Tutorial | Time series extrema extraction (Time series preparation part 5)¶
In the previous tutorial on the time series Windowing recipe, we demonstrated how to build a wide variety of causal and non-causal window aggregations, adjusting parameters like width, bounds, and shape along the way.
The Extrema Extraction recipe finds a global extremum (minimum or maximum) in one dimension of a time series and performs windowing functions around the timestamp of the extremum on all dimensions.
In this tutorial, you will:
Use the Extrema Extraction recipe in the Time Series Preparation plugin to compute aggregates around global maxima or minima.
This tutorial picks up where the windowing tutorial finished. If you have not completed that tutorial, you only need to have completed the resampling tutorial so that you have the orders_resampled dataset in your Flow.
Return to the project¶
Let’s return to the orders_resampled dataset in your Flow.
See the associated concept article on time series extrema extraction for a detailed walkthrough.
Compute aggregates around the global maximum¶
Let’s use the Extrema Extraction recipe to find the global maximum amount spent for each time series, and then compute the average spent in a 7-day non-causal (bilateral) window around each global maximum value.
Click the orders_resampled dataset and then the Time Series Preparation plugin in the right panel.
Select the Time series extrema extraction recipe from the dialog that appears.
Name the output dataset
extremum. Then create the output dataset.
In the recipe dialog, specify the following parameters:
Set the value of the “Time column” to
Set “Find extremum in column” to
Specify the “Extremum type” as Global maximum.
For the Window parameters:
Leave the “Causal window” box unchecked to use a non-causal window (that is, a window which places the timestamp for the extremum point at its center).
Specify a Rectangular shaped window of 7 Days.
Select two aggregations: Average and, for the purpose of checking our result, Max.
Finally, as before, check the “Long format” box and specify
tshirt_category as the value for the “Column with identifier” parameter.
After building the output dataset, we have four new columns because we started with two dimensions (amount_spent and tshirt_quantity) and requested 2 aggregations.
The amount_spent_max column should be exactly the same as the amount_spent column because we are building the window frame around the global maximum of the amount_spent column for each time series.

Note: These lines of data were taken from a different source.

text \<open>\<open>M\<close> is linear in the prize schedule and every schedule is a convex combination of the
  top-heavy schedules \<open>v\<^sup>s\<close>, so the maximum of \<open>M\<close> is attained at some \<open>v\<^sup>s\<close>. Summing the
  pairwise loss terms gives \<open>M(v\<^sup>s, \<theta>) = A\<^sub>s(\<theta>)\<close>, and \<open>A\<^sub>n = 0 \<le> A\<^sub>r\<close> because each partial
  sum \<open>B\<^sub>r\<close> telescopes to the integral of the nonnegative density
  \<open>r C(n-1,r) F^(n-1-r) (1-F)^(r-1) f^2\<close>, which vanishes identically for \<open>r = n\<close>.
  Effort is maximised as well, since strict convexity makes \<open>c'\<close> strictly increasing.
  For the comparative statics, raising \<open>\<theta>\<close> multiplies \<open>A\<^sub>r = (1 + \<theta>(2r/n - 1)) B\<^sub>r/r\<close> by a
  factor that increases with \<open>r\<close>; this single-crossing property gives the Milgrom--Shannon
  monotonicity of the largest and of the smallest maximiser.\<close>

definition strict_convex_on :: "real set \<Rightarrow> (real \<Rightarrow> real) \<Rightarrow> bool" where
  "strict_convex_on S c \<longleftrightarrow>
     (\<forall>x\<in>S. \<forall>y\<in>S. x \<noteq> y \<longrightarrow>
        (\<forall>t. 0 < t \<and> t < 1 \<longrightarrow> c ((1 - t) * x + t * y) < (1 - t) * c x + t * c y))"

lemma strict_convex_on_three_slopes:
  assumes c: "strict_convex_on S c" and pq: "p \<in> S" "q \<in> S" and y: "p < y" "y < q"
  shows "(c y - c p) / (y - p) < (c q - c p) / (q - p)"
    and "(c q - c p) / (q - p) < (c q - c y) / (q - y)"
proof -
  define t where "t = (y - p) / (q - p)"
  have t: "0 < t" "t < 1" "1 - t = (q - y) / (q - p)" using y by (auto simp: t_def field_simps)
  have "t * (q - p) = y - p" using y by (simp add: t_def)
  then have "(1 - t) * p + t * q = y" by (simp add: algebra_simps)
  with c pq t y have "c y < (1 - t) * c p + t * c q"
    unfolding strict_convex_on_def by force
  also have "(1 - t) * c p + t * c q = (q - y) / (q - p) * c p + (y - p) / (q - p) * c q"
    by (simp only: t(3)) (simp add: t_def)
  also have "\<dots> = ((q - y) * c p + (y - p) * c q) / (q - p)"
    by (simp add: add_divide_distrib)
  finally have chord: "c y * (q - p) < (q - y) * c p + (y - p) * c q"
    using y by (simp add: pos_less_divide_eq)
  show "(c y - c p) / (y - p) < (c q - c p) / (q - p)"
    using chord y by (simp add: field_simps)
  show "(c q - c p) / (q - p) < (c q - c y) / (q - y)"
    using chord y by (simp add: field_simps)
qed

Reading this output, we can see that the average amount spent in the seven days around the global maximum (of the amount_spent) for each time series is considerably lower than the global maximum value. For example, the maximum amount_spent on “Hoodies” was $1679, but in the seven days surrounding the date of this spending, the average spent on hoodies was only about $630.
Also, notice that the output dataset consists of only one row for each time series in the orders_resampled dataset. The only exception is for ties among the selected global extremum. Here, there is a tie among the highest amount_spent on the “White T-Shirt M” time series, and so aggregations are returned for both “2015-10-23” and “2016-11-11”.
Verify aggregates with a Join¶
The result of the Extrema Extraction recipe conceals the values that were aggregated in the window frame.
We could reveal these values by joining the extremum dataset back into the resampled data.
Select the orders_resampled dataset and create a Join recipe.
Add extremum as the second input dataset.
Name the output dataset
orders_resampled_joined_extremumand create the recipe.
Run the recipe.
In the output dataset, we have four new aggregation columns alongside the original orders data. To find the correct part of the time series,
Filter one of the aggregations columns for OK values.
Filter for one tshirt_category, such as “Hoodie”.
Make note of the order_date (“2015-11-10”).
Remove the filter for OK values and scroll to the order_date.
If we take this row for example, we can see the exact values that produced the window aggregate values.
Compute aggregates around the global minimum¶
For some more practice, let’s build a window frame around the global minimum.
Return to the compute_extremum recipe.
Change the “Extremum type” from Global maximum to Global minimum.
This time, build a Causal window of 7 days including both bounds.
In terms of aggregations, change the Max to a Min and Average to a Sum.
After running the recipe, the output has way more than one row per time series! This is because many rows in a time series share the same global minimum of 0. If there is a tie for extremum value in a time series, the recipe returns all rows sharing the global extremum.
Congratulations! If you have followed along with all of the hands-on lessons, your final Flow should resemble the image below.
At this point you have gained experience using each one of the four recipes in the Time Series Preparation plugin.
With prepared time series data, you’ll be ready to model and forecast your time series data.